Well, yes and no. Do you mean the new cert stuff that's in standard openssh?
Which has stuff like:

    
    
        The marker is optional, but if it is present then it must be one of “@cert-authority”, to indicate that the
         line contains a certification authority (CA) key, or “@revoked”, to indicate that the key contained on the line
         is revoked and must not ever be accepted.  Only one marker should be used on a key line.
    

While certainly simple, it doesn't strike me as very manageable.

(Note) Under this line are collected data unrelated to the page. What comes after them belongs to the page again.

lemma dpart_iter_poly_eval:
  assumes "c \<noteq> 0" and "\<forall>y\<in>{y. 0 < mink c y q + d}. f y = poly_eval c d q L y"
  shows "\<forall>y\<in>{y. 0 < mink c y q + d}.
           (dpart j ^^ n) f y = poly_eval c d q ((poly_deriv j ^^ n) L) y"
proof (induction n)
  case 0
  then show ?case
    using assms(2) by simp
next
  case (Suc n)
  show ?case
  proof
    fix y assume y: "y \<in> {y. 0 < mink c y q + d}"
    have "(dpart j ^^ Suc n) f y = dpart j (poly_eval c d q ((poly_deriv j ^^ n) L)) y"
      using dpart_cong_open[OF open_mink_gt y Suc.IH] by simp
    also have "\<dots> = poly_eval c d q ((poly_deriv j ^^ Suc n) L) y"
      using y unfolding dpart_def
      by (simp add: DERIV_imp_deriv[OF has_real_derivative_poly_eval[OF assms(1)]])
    finally show "(dpart j ^^ Suc n) f y = poly_eval c d q ((poly_deriv j ^^ Suc n) L) y" .
  qed
qed

definition poly_pD :: "nat^3 \<Rightarrow> monomial list \<Rightarrow> monomial list" where
  "poly_pD \<beta> L = (poly_deriv 1 ^^ \<beta>$1) ((poly_deriv 2 ^^ \<beta>$2) ((poly_deriv 3 ^^ \<beta>$3) L))"

lemma pD_poly_eval:
  assumes "c \<noteq> 0" and "0 < mink c p q + d"
  shows "pD \<beta> (poly_eval c d q L) p = poly_eval c d q (poly_pD \<beta> L) p"
  using assms(2) dpart_iter_poly_eval[OF assms(1) dpart_iter_poly_eval[OF assms(1)
      dpart_iter_poly_eval[OF assms(1)]]]
  unfolding pD_def poly_pD_def by simp

section \<open>Admissible monomials\<close>

lemma sum_fun_upd_UNIV:
  fixes n :: "'a::finite \<Rightarrow> 'b::comm_monoid_add"
  shows "(\<Sum>i\<in>UNIV. (n(j := v)) i) + n j = (\<Sum>i\<in>UNIV. n i) + v"
proof -
  have "(\<Sum>i\<in>UNIV. (n(j := v)) i) = v + (\<Sum>i\<in>UNIV-{j}. n i)"
    by (simp add: sum.remove[of UNIV j])
  moreover have "(\<Sum>i\<in>UNIV. n i) = n j + (\<Sum>i\<in>UNIV-{j}. n i)"
    by (simp add: sum.remove[of UNIV j])
  ultimately show ?thesis
    by (simp add: ac_simps)
qed

(* Bounding p_i and en c q by en c p, a monomial is O(en c q ^ mon_weight) apart from its
   Gram factor. *)
definition mon_weight :: "monomial \<Rightarrow> real" where
  "mon_weight M = real (mon_qdeg M) + real (\<Sum>i\<in>UNIV. mon_pdeg M i) - real (mon_endeg M)"

definition mon_coeff_bounded :: "monomial \<Rightarrow> bool" where
  "mon_coeff_bounded M \<longleftrightarrow>
     (\<exists>\<kappa>\<ge>0. \<forall>c q. \<bar>mon_coeff M c q\<bar> \<le> \<kappa> * en c q ^ mon_qdeg M)"

(* Invariant after k derivatives of (mink + d) powr a0; its equation expresses homogeneity. *)
definition mon_balanced :: "real \<Rightarrow> nat \<Rightarrow> monomial \<Rightarrow> bool" where
  "mon_balanced a0 k M \<longleftrightarrow>
     (\<Sum>i\<in>UNIV. mon_pdeg M i) \<le> mon_endeg M \<and>
     2 * mon_exp M + mon_weight M = 2 * a0 - real k \<and> mon_weight M \<le> real k \<and>
     (mon_exp M \<le> a0 - 1 \<or> mon_endeg M = 0 \<and> mon_exp M = a0)"
definition linf :: "real^'d \<Rightarrow> real" where
  "linf x = Max ((\<lambda>i. \<bar>x $ i\<bar>) ` UNIV)"

text \<open>signed power t^(ominus a) = sign(t) |t|^a, with sign 0 = 0\<close>
definition spow :: "real \<Rightarrow> real \<Rightarrow> real" where
  "spow a t = sgn t * \<bar>t\<bar> powr a"

definition vspow :: "real \<Rightarrow> real^'d \<Rightarrow> real^'d" where
  "vspow a v = (\<chi> i. spow a (v $ i))"

definition vsign :: "real^'d \<Rightarrow> real^'d" where
  "vsign y = (\<chi> i. sgn (y $ i))"

definition sign_inf :: "real^'d \<Rightarrow> real^'d" where
  "sign_inf y = (\<chi> i. sgn (y $ i) * (if \<bar>y $ i\<bar> = linf y then 1 else 0))"

definition cos_bg :: "real \<Rightarrow> real \<Rightarrow> real^'d \<Rightarrow> real^'d \<Rightarrow> real" where
  "cos_bg \<beta> \<gamma> x y =
     vspow \<beta> ((1 / lnorm (\<beta> + \<gamma>) x) *\<^sub>R x) \<bullet> vspow \<gamma> ((1 / lnorm (\<beta> + \<gamma>) y) *\<^sub>R y)"

end

theory Submission
  imports Defs "HOL-Real_Asymp.Real_Asymp"
begin

text \<open>For z \<noteq> 0 and p \<noteq> 0 we have \<parallel>z\<parallel>_p = \<parallel>z\<parallel>_\<infinity> S_z(p)^(1/p), where
  S_z(p) = \<Sum>_j (|z_j| / \<parallel>z\<parallel>_\<infinity>)^p \<ge> 1 is the scaled power sum. Hence p \<mapsto> \<parallel>z\<parallel>_p is
  continuous, and since S_z(p) tends to the number K of coordinates of maximal modulus as
  p \<rightarrow> \<infinity>, \<parallel>z\<parallel>_p \<rightarrow> \<parallel>z\<parallel>_\<infinity>. The i-th summand of the cosine is
  x_i^(\<ominus>\<beta>) / \<parallel>x\<parallel>_(\<beta>+\<gamma>)^\<beta> times sign(y_i) |y_i|^\<gamma> / \<parallel>y\<parallel>_(\<beta>+\<gamma>)^\<gamma>. As \<gamma> \<rightarrow> 0 the
  second factor tends to sign(y_i). For large \<gamma> it equals
  sign(y_i) (|y_i| / \<parallel>y\<parallel>_\<infinity>)^\<gamma> / S_y(\<beta>+\<gamma>)^(\<gamma>/(\<beta>+\<gamma>)), which tends to
  sign(y_i) [|y_i| = \<parallel>y\<parallel>_\<infinity>] / K; and K = \<parallel>sign_\<infinity>(y)\<parallel>_1.\<close>

lemma tendsto_powr_at_top_base_le_1:
  fixes a :: real
  assumes "0 \<le> a" "a \<le> 1"
  shows "((\<lambda>t. a powr t) \<longlongrightarrow> of_bool (a = 1)) at_top"
proof -
  consider "a = 0" | "a = 1" | "0 < a" "a < 1"
    using assms by fastforce
  then show ?thesis
  proof cases
    case 3
    then have "ln a < 0" by simp
    then have "filterlim (\<lambda>t. t * ln a) at_bot at_top" by real_asymp
    then have "((\<lambda>t. exp (t * ln a)) \<longlongrightarrow> 0) at_top"
      using exp_at_bot filterlim_compose by blast
    with 3 show ?thesis by (simp add: powr_def mult.commute)
  qed simp_all
qed

lemma abs_le_linf: "\<bar>z $ j\<bar> \<le> linf z"
  unfolding linf_def by (rule Max_ge) auto

lemma linf_attained: "\<exists>j. \<bar>z $ j\<bar> = linf z"
proof -
  have "linf z \<in> (\<lambda>i. \<bar>z $ i\<bar>) ` UNIV"
    unfolding linf_def by (rule Max_in) auto
  then show ?thesis by auto
qed
text \<open>On the complete simplex, \<delta>\<delta>* acts on coboundaries as multiplication by the number of
  vertices: the k terms x = y give b F, the other terms give b F once per y \<notin> F.\<close>
lemma full_cobdry_full_cobdry_adj:
  assumes "finite V" "F \<in> subsets_card V k"
  shows "full_cobdry (full_cobdry_adj V (full_cobdry g)) F = real (card V) * full_cobdry g F"
proof -
  let ?b = "full_cobdry g"
  let ?t = "\<lambda>x y. insertion_sign (F - {x}) x * insertion_sign (F - {x}) y * ?b (insert y (F - {x}))"
  have fF: "finite F" and FV: "F \<subseteq> V" "card F = k"
    using assms by (auto simp: subsets_card_def dest: rev_finite_subset)
  have "full_cobdry (full_cobdry_adj V ?b) F = (\<Sum>x\<in>F. ?b F + (\<Sum>y\<in>V - F. ?t x y))"
    unfolding full_cobdry_def[of "full_cobdry_adj V ?b"]
  proof (intro sum.cong refl)
    fix x assume x: "x \<in> F"
    have "V - (F - {x}) = insert x (V - F)" using x FV by auto
    then have "full_cobdry_adj V ?b (F - {x}) = insertion_sign (F - {x}) x * ?b F
        + (\<Sum>y\<in>V - F. insertion_sign (F - {x}) y * ?b (insert y (F - {x})))"
      unfolding full_cobdry_adj_def using assms(1) x by (simp add: insert_absorb)
    then show "insertion_sign (F - {x}) x * full_cobdry_adj V ?b (F - {x})
        = ?b F + (\<Sum>y\<in>V - F. ?t x y)"
      by (simp add: ring_distribs sum_distrib_left mult.assoc[symmetric] insertion_sign_square)
  qed
  also have "\<dots> = real k * ?b F + (\<Sum>y\<in>V - F. \<Sum>x\<in>F. ?t x y)"
    by (simp add: sum.distrib FV sum.swap[of _ F "V - F"])
  also have "\<dots> = real k * ?b F + real (card (V - F)) * ?b F"
    using full_cobdry_exchange[OF fF] by simp
  also have "\<dots> = real (card V) * ?b F"
    using FV assms(1) card_mono[OF assms(1) FV(1)]
    by (simp add: card_Diff_subset fF of_nat_diff algebra_simps)
  finally show ?thesis .
qed

lemma sum_square_full_cobdry_adj:
  assumes "finite V" "k \<ge> 1"
  shows "(\<Sum>G\<in>subsets_card V (k - 1). (full_cobdry_adj V (full_cobdry g) G)\<^sup>2)
       = real (card V) * (\<Sum>F\<in>subsets_card V k. (full_cobdry g F)\<^sup>2)"
proof -
  let ?b = "full_cobdry g"
  have "(\<Sum>G\<in>subsets_card V (k - 1). (full_cobdry_adj V ?b G)\<^sup>2)
      = (\<Sum>F\<in>subsets_card V k. ?b F * full_cobdry (full_cobdry_adj V ?b) F)"
    using sum_full_cobdry_adj_mult[OF assms, of ?b "full_cobdry_adj V ?b"]
    by (simp add: power2_eq_square)
  also have "\<dots> = (\<Sum>F\<in>subsets_card V k. real (card V) * (?b F)\<^sup>2)"
    by (intro sum.cong refl)
       (simp add: full_cobdry_full_cobdry_adj[OF assms(1)] power2_eq_square)
  finally show ?thesis by (simp add: sum_distrib_left)
qed

lemma faces_card_complete:
  assumes "simplicial_complex V X" "complete_skeleton V X k" "m \<le> k"
  shows "faces_card X m = subsets_card V m"
  using assms
  by (auto simp: simplicial_complex_def complete_skeleton_def faces_card_def subsets_card_def)

lemma sum_incidence_eq_full_cobdry:
  assumes "finite V" "k \<ge> 1" "F \<in> subsets_card V k"
  shows "(\<Sum>G\<in>subsets_card V (k - 1). incidence F G * g G) = full_cobdry g F"
proof -
  have fF: "finite F" using assms finite_of_subsets_card by blast
  have inj: "inj_on (\<lambda>x. F - {x}) F" by (auto simp: inj_on_def)
  have "full_cobdry g F = (\<Sum>x\<in>F. incidence F (F - {x}) * g (F - {x}))"
    unfolding full_cobdry_def using fF by (simp add: incidence_remove)
  also have "\<dots> = (\<Sum>G\<in>(\<lambda>x. F - {x}) ` F. incidence F G * g G)"
    by (simp add: sum.reindex[OF inj])
  also have "\<dots> = (\<Sum>G\<in>subsets_card V (k - 1). incidence F G * g G)"
  proof (rule sum.mono_neutral_left)
    show "finite (subsets_card V (k - 1))" using assms finite_subsets_card by blast
    show "(\<lambda>x. F - {x}) ` F \<subseteq> subsets_card V (k - 1)"
      using assms fF by (auto simp: subsets_card_def)
    have "incidence F G = 0" if "G \<notin> (\<lambda>x. F - {x}) ` F" for G
      using that by (auto simp: incidence_def card_Suc_eq)
    then show "\<forall>G\<in>subsets_card V (k - 1) - (\<lambda>x. F - {x}) ` F. incidence F G * g G = 0"
      by simp
  qed
  finally show ?thesis by simp
qed

definition up_degree :: "'a set set \<Rightarrow> 'a set \<Rightarrow> 'a set \<Rightarrow> nat" where
  "up_degree X V F = card {u\<in>V - F. insert u F \<in> X}"

lemma link_deg_eq_up_degree:
  assumes "finite V" "k \<ge> 1" "G \<in> subsets_card V (k - 1)" "x \<in> V - G"
  shows "link_deg V X k G x = up_degree X V (insert x G)"
proof -
  have "finite G" "card G = k - 1"
    using assms finite_of_subsets_card by (auto simp: subsets_card_def)
  then have "u \<in> V - insert x G \<Longrightarrow> card (insert u (insert x G)) = k + 1" for u
    using assms by auto
  then have "{u\<in>V - G. u \<noteq> x \<and> G \<union> {u, x} \<in> faces_card X (k + 1)}
      = {u\<in>V - insert x G. insert u (insert x G) \<in> X}"
    by (auto simp: faces_card_def insert_commute)
  then show ?thesis by (simp add: link_deg_def up_degree_def)
qed

lemma sum_up_degree_deviation_le:
  assumes "simplicial_complex V X" "complete_skeleton V X k" "k \<ge> 1"
    and "\<forall>F\<in>faces_card X (k - 1). (\<Sum>v\<in>V - F. (real (link_deg V X k F v) - d)\<^sup>2) \<le> c"
  shows "\<forall>G\<in>subsets_card V (k - 1). (\<Sum>x\<in>V - G. (real (up_degree X V (insert x G)) - d)\<^sup>2) \<le> c"
proof
  fix G assume G: "G \<in> subsets_card V (k - 1)"
  have "finite V" using assms(1) by (simp add: simplicial_complex_def)
  then have "(\<Sum>x\<in>V - G. (real (up_degree X V (insert x G)) - d)\<^sup>2)
      = (\<Sum>v\<in>V - G. (real (link_deg V X k G v) - d)\<^sup>2)"
    using link_deg_eq_up_degree[OF _ assms(3) G] by simp
  also have "\<dots> \<le> c" using assms(4) G faces_card_complete[OF assms(1,2), of "k - 1"] by simp
  finally show "(\<Sum>x\<in>V - G. (real (up_degree X V (insert x G)) - d)\<^sup>2) \<le> c" .
qed

lemma adj_entry_exchange:
  assumes "finite F" "card F = k" "x \<in> F" "y \<notin> F"
  shows "adj_entry X k F (insert y (F - {x}))
       = (if insert y F \<in> X then insertion_sign (F - {x}) x * insertion_sign (F - {x}) y else 0)"
proof -
  have "F \<inter> insert y (F - {x}) = F - {x}" "F \<union> insert y (F - {x}) = insert y F"
    using assms by auto
  moreover have "card (F - {x}) = k - 1" "card (insert y F) = k + 1" using assms by auto
  moreover have "incidence (insert y (F - {x})) (F - {x}) = insertion_sign (F - {x}) y"
    using assms by (simp add: incidence_insert)
  ultimately show ?thesis
    using assms by (simp add: adj_entry_def incidence_remove faces_card_def)
qed

lemma adj_entry_nonzero:
  assumes "adj_entry X k F G \<noteq> 0" "finite F" "finite G" "card F = k" "card G = k" "k \<ge> 1"
  obtains x y where "x \<in> F" "y \<in> G - F" "G = insert y (F - {x})"
proof -
  have ci: "card (F \<inter> G) = k - 1" using assms(1) by (auto simp: adj_entry_def split: if_splits)
  have "card (F - G) = 1" using card_Diff_subset_Int[of F G] assms ci by simp
  then obtain x where x: "F - G = {x}" by (auto simp: card_Suc_eq)
  have "card (G - F) = 1" using card_Diff_subset_Int[of G F] assms ci by (simp add: Int_commute)
  then obtain y where y: "G - F = {y}" by (auto simp: card_Suc_eq)
  have "G = insert y (F - {x})" using x y by blast
  with x y show thesis using that by blast
qed

lemma inj_on_exchange: "inj_on (\<lambda>(x, y). insert y (F - {x})) (F \<times> - F)"
proof (rule inj_onI, clarify)
  fix x y x' y' assume "x \<in> F" "x' \<in> F" "y \<notin> F" "y' \<notin> F"
    and e: "insert y (F - {x}) = insert y' (F - {x'})"
  then have "y = y'" by blast
  moreover have "x = x'"
  proof (rule ccontr)
    assume "x \<noteq> x'"
    then have "x' \<in> insert y (F - {x})" using \<open>x' \<in> F\<close> by simp
    then show False using e \<open>y' \<notin> F\<close> \<open>x' \<in> F\<close> by auto
  qed
  ultimately show "x = x' \<and> y = y'" by simp
qed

Or did you mean the x509 patch?

[http://roumenpetrov.info/openssh/](http://roumenpetrov.info/openssh/)

------
purephase
I thought the 2014 Technology Roadmap [1] was an interesting read. For an
organization as "young" as Netflix, I was surprised by the technology debts
that they've accumulated and the aggressive tone that they've set to
transition.

I think it's amazing the decisions that get made with explosive growth/hiring
that end-up on roadmaps that read similarly to organizations that have been
around much longer.

There's no criticism here. I think Netflix is an amazing company and it is the
this sort of strategic vision (and the openess of both it and the organization
overall) that reminds me that we're all on this rocky ship together and it's
amazing that any of it works sometimes.

[1] [http://www.slideshare.net/mdkail/it-ops-2014-technology-
road...](http://www.slideshare.net/mdkail/it-ops-2014-technology-roadmap)

------
obblekk
Forgive my ignorance. Is `IT` the same as `engineering` at other companies, or
is this something else?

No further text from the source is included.